As shown in FIG. 2 , the front of the helmet 8 defines a bezel 18 which is adapted to receive the lens 20 and the bezel 18 defines a lens opening 15. The bezel 18 is connected to the helmet 8 by a plurality of screws, or any other attachment mechanism known to one of ordinary skill in the art. FIG. 2 illustrates one of the chin strap attachment points 35 which are adapted to receive a chin strap. As discussed below, in some embodiments the helmet 8 is hard-wired with a communication system 50 (e.g. a two-way open microphone communication as a non-limiting example). The communication system 50 comprises a pair of binding posts 58 (including a positive and negative post in some embodiments), which are positioned on the outside surface 10 of the helmet 8 and adapted to receive wiring. As illustrated in FIG. 2 , the posts 58 pass through the wall and into the inside of the helmet 8. In some embodiments, the pair of binding posts 58 are connected to the inside surface 11 of the helmet via a stud and nut, which is sealed with gaskets to prevent leaks. The communication system 50 further comprises a pair of speakers 52 which are mounted to the inside surface 11 of the helmet and are positioned adjacent to the wearer's ears. A speaker cover 55 with a plurality of openings is mounted over each speaker 52.
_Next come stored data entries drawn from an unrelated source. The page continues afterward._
(* Let $k\ge2$, let $G$ be a countably infinite one-way $k$-locally finite graph, and let $H$ be a countable graph with a partition $\{U_1,\dots,U_k\}$ of $V(H)$ into infinite sets such that for every $i\in[k]$ and every finite $W\subseteq U_1\cup\dots\cup U_{i-1}$, the set of vertices in $U_i$ adjacent to every vertex of $W$ is infinite. Then there is an embedding $f$ of $G$ into $H$ (an injective map $V(G)\to V(H)$ sending edges to edges) with $U_1\subseteq f(V(G))$.
   Context: A graph $G$ is one-way $k$-locally finite ($k\ge2$) if there is a partition of $V(G)$ into $k$ independent sets $V_1,\dots,V_k$ with $|V_1|\geq\dots\geq|V_k|$ such that for all $1\le i<j\le k$ and all $v\in V_j$, $v$ has only finitely many neighbors in $V_i$. *)

theory Defs
  imports Main "HOL-Library.Countable_Set"
begin

definition simple_graph :: "'a set \<Rightarrow> ('a \<Rightarrow> 'a \<Rightarrow> bool) \<Rightarrow> bool" where
  "simple_graph V E \<longleftrightarrow>
     (\<forall>u v. E u v \<longrightarrow> E v u) \<and> (\<forall>v. \<not> E v v) \<and> (\<forall>u v. E u v \<longrightarrow> u \<in> V \<and> v \<in> V)"

definition card_leq :: "'b set \<Rightarrow> 'c set \<Rightarrow> bool" where
  "card_leq B A \<longleftrightarrow> (\<exists>f. inj_on f B \<and> f ` B \<subseteq> A)"

definition is_partition :: "'a set \<Rightarrow> nat \<Rightarrow> (nat \<Rightarrow> 'a set) \<Rightarrow> bool" where
  "is_partition V k P \<longleftrightarrow>
     (\<Union>i\<in>{1..k}. P i) = V \<and> (\<forall>i\<in>{1..k}. \<forall>j\<in>{1..k}. i \<noteq> j \<longrightarrow> P i \<inter> P j = {})"

definition independent_set :: "('a \<Rightarrow> 'a \<Rightarrow> bool) \<Rightarrow> 'a set \<Rightarrow> bool" where
  "independent_set E S \<longleftrightarrow> (\<forall>u\<in>S. \<forall>v\<in>S. \<not> E u v)"

definition one_way_locally_finite :: "nat \<Rightarrow> 'a set \<Rightarrow> ('a \<Rightarrow> 'a \<Rightarrow> bool) \<Rightarrow> bool" where
  "one_way_locally_finite k V E \<longleftrightarrow> k \<ge> 2 \<and>
     (\<exists>P. is_partition V k P \<and> (\<forall>i\<in>{1..k}. independent_set E (P i)) \<and>
          (\<forall>i j. 1 \<le> i \<and> i \<le> j \<and> j \<le> k \<longrightarrow> card_leq (P j) (P i)) \<and>
          (\<forall>i j. 1 \<le> i \<and> i < j \<and> j \<le> k \<longrightarrow>
              (\<forall>v\<in>P j. finite {u\<in>P i. E v u})))"

definition graph_embedding ::
  "'a set \<Rightarrow> ('a \<Rightarrow> 'a \<Rightarrow> bool) \<Rightarrow> 'b set \<Rightarrow> ('b \<Rightarrow> 'b \<Rightarrow> bool) \<Rightarrow> ('a \<Rightarrow> 'b) \<Rightarrow> bool" where
  "graph_embedding VG EG VH EH f \<longleftrightarrow>
     inj_on f VG \<and> f ` VG \<subseteq> VH \<and> (\<forall>u\<in>VG. \<forall>v\<in>VG. EG u v \<longrightarrow> EH (f u) (f v))"

end

theory Submission
  imports Defs
begin

text \<open>The embedding is the union of a chain of finite partial embeddings, built by a
  back-and-forth argument. A partial embedding is kept closed under lower neighbours
  (neighbours in parts of smaller index), of which every vertex has finitely many. To add a
  vertex of part j, first add its lower neighbours recursively; by closedness these are its
  only neighbours already embedded, and the hypothesis on H yields an unused vertex of the
  j-th part of H adjacent to all their images. To cover a vertex of the first part of H,
  use an unembedded vertex of the first part of G, which is infinite because it is the
  largest part; such a vertex has no embedded neighbours at all.\<close>

definition extends :: "'a set \<Rightarrow> ('a \<Rightarrow> 'b) \<Rightarrow> 'a set \<Rightarrow> ('a \<Rightarrow> 'b) \<Rightarrow> bool" where
  "extends D g D' g' \<longleftrightarrow> D \<subseteq> D' \<and> (\<forall>v\<in>D. g' v = g v)"

lemma extends_refl: "extends D g D g"
  by (simp add: extends_def)

lemma extends_trans: "extends D g D1 g1 \<Longrightarrow> extends D1 g1 D2 g2 \<Longrightarrow> extends D g D2 g2"
  by (auto simp: extends_def)

lemma extends_chain_mono:
  assumes chain: "\<And>n. extends (D n) (g n) (D (Suc n)) (g (Suc n))" and "m \<le> n"
  shows "extends (D m) (g m) (D n) (g n)"
  using \<open>m \<le> n\<close>
proof (induction n rule: dec_induct)
  case base
  show ?case by (rule extends_refl)
next
  case (step i)
  show ?case by (rule extends_trans[OF step.IH chain])
qed

lemma extends_chain_limit:
  assumes chain: "\<And>n. extends (D n) (g n) (D (Suc n)) (g (Suc n))"
  obtains f where "\<And>n v. v \<in> D n \<Longrightarrow> f v = g n v"
proof -
  define f where "f v = g (LEAST n. v \<in> D n) v" for v
  have "f v = g n v" if v: "v \<in> D n" for n v
  proof -
    let ?m = "LEAST n. v \<in> D n"
    have "?m \<le> n" "v \<in> D ?m"
      using v by (rule Least_le, rule LeastI)
    then have "extends (D ?m) (g ?m) (D n) (g n)" "v \<in> D ?m"
      using extends_chain_mono[of D g, OF chain] by blast+
    then show ?thesis
      unfolding f_def extends_def by simp
  qed
  then show ?thesis by (rule that)
qed

lemma infinite_largest_part:
  assumes part: "is_partition V k P" and "infinite V"
    and le: "\<forall>j\<in>{1..k}. card_leq (P j) (P 1)"
  shows "infinite (P 1)"
proof -
  have "infinite (\<Union>i\<in>{1..k}. P i)"
    using part \<open>infinite V\<close> unfolding is_partition_def by simp
  then obtain j where j: "j \<in> {1..k}" "infinite (P j)"
    by (meson finite_UN_I finite_atLeastAtMost)
  then obtain h where "inj_on h (P j)" "h ` P j \<subseteq> P 1"
    using le unfolding card_leq_def by blast
  then show ?thesis
    using j(2) finite_imageD finite_subset by metis
qed

locale one_way_embedding =
  fixes k :: nat and VG :: "'a set" and EG :: "'a \<Rightarrow> 'a \<Rightarrow> bool"
    and VH :: "'b set" and EH :: "'b \<Rightarrow> 'b \<Rightarrow> bool"
    and U :: "nat \<Rightarrow> 'b set" and P :: "nat \<Rightarrow> 'a set"
  assumes countable_VG: "countable VG" and countable_U1: "countable (U 1)"
    and k_pos: "1 \<le> k"
    and simple_G: "simple_graph VG EG" and simple_H: "simple_graph VH EH"
    and partition_G: "is_partition VG k P"
    and independent_parts: "\<forall>i\<in>{1..k}. independent_set EG (P i)"
    and finite_lower_neighbours:
      "\<forall>i j. 1 \<le> i \<and> i < j \<and> j \<le> k \<longrightarrow> (\<forall>v\<in>P j. finite {u\<in>P i. EG v u})"
    and infinite_P1: "infinite (P 1)"
    and partition_H: "is_partition VH k U"
    and extension_property: "\<forall>i\<in>{1..k}. \<forall>W. finite W \<and> W \<subseteq> (\<Union>j\<in>{1..<i}. U j) \<longrightarrow>
            infinite {u \<in> U i. \<forall>w\<in>W. EH u w}"
begin

lemma part_unique: "\<lbrakk>v \<in> P i; v \<in> P j; i \<in> {1..k}; j \<in> {1..k}\<rbrakk> \<Longrightarrow> i = j"
  using partition_G unfolding is_partition_def by blast

lemma part_exists: "v \<in> VG \<Longrightarrow> \<exists>i\<in>{1..k}. v \<in> P i"
  using partition_G unfolding is_partition_def by blast

lemma P_subset: "i \<in> {1..k} \<Longrightarrow> P i \<subseteq> VG"
  using partition_G unfolding is_partition_def by blast

lemma U_subset: "i \<in> {1..k} \<Longrightarrow> U i \<subseteq> VH"
  using partition_H unfolding is_partition_def by blast

lemma EG_sym: "EG u v \<Longrightarrow> EG v u"
  using simple_G unfolding simple_graph_def by blast

lemma EG_irrefl: "\<not> EG v v"
  using simple_G unfolding simple_graph_def by blast

lemma EH_sym: "EH u v \<Longrightarrow> EH v u"
  using simple_H unfolding simple_graph_def by blast

lemma infinite_common_neighbours:
  assumes "i \<in> {1..k}" "finite W" "W \<subseteq> (\<Union>j\<in>{1..<i}. U j)"
  shows "infinite {u \<in> U i. \<forall>w\<in>W. EH u w}"
  using extension_property assms by blast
FIG. 3 illustrates the air inlet 62 and the air exhaust valve 85 of the air control system 60. As previously noted, the yoke 202 is securely connected to the helmet 8 via the seal ring assembly 205. Furthermore, a pair of safety latches 110 (which are positioned on both sides and towards the front of helmet 8 as shown in FIG. 4 ), connect the helmet 8 to the seal ring assembly 205. The air exhaust valve 85 is positioned behind and below the bezel 18 which provides some protection from debris coming towards the wearer.

As illustrated in FIGS. 4 and 6 , the outside surface 10 of helmet 8 defines a plurality of rail protrusions 48 which are adapted to receive the rails 42. In some embodiments, a rail 42 is positioned along the top of the helmet and its corresponding protrusion 48 defines an opening 45 which can be used as a handle and/or for guiding the worker into tight spaces. In some embodiments, the top rail 42 comprises a first component which is generally parallel to the surface of the lens 20 and a second component which runs along a portion of the top of the helmet 8. In some embodiments, the first and second component of the top rail 42 intersect at an angle that is greater than ninety degrees. As illustrated in FIG. 4 , the lens 20 is positioned at a slight upwards angle relative to the arrows from line 5′-5′ in FIG. 4 (which is the same plane as the ground surface).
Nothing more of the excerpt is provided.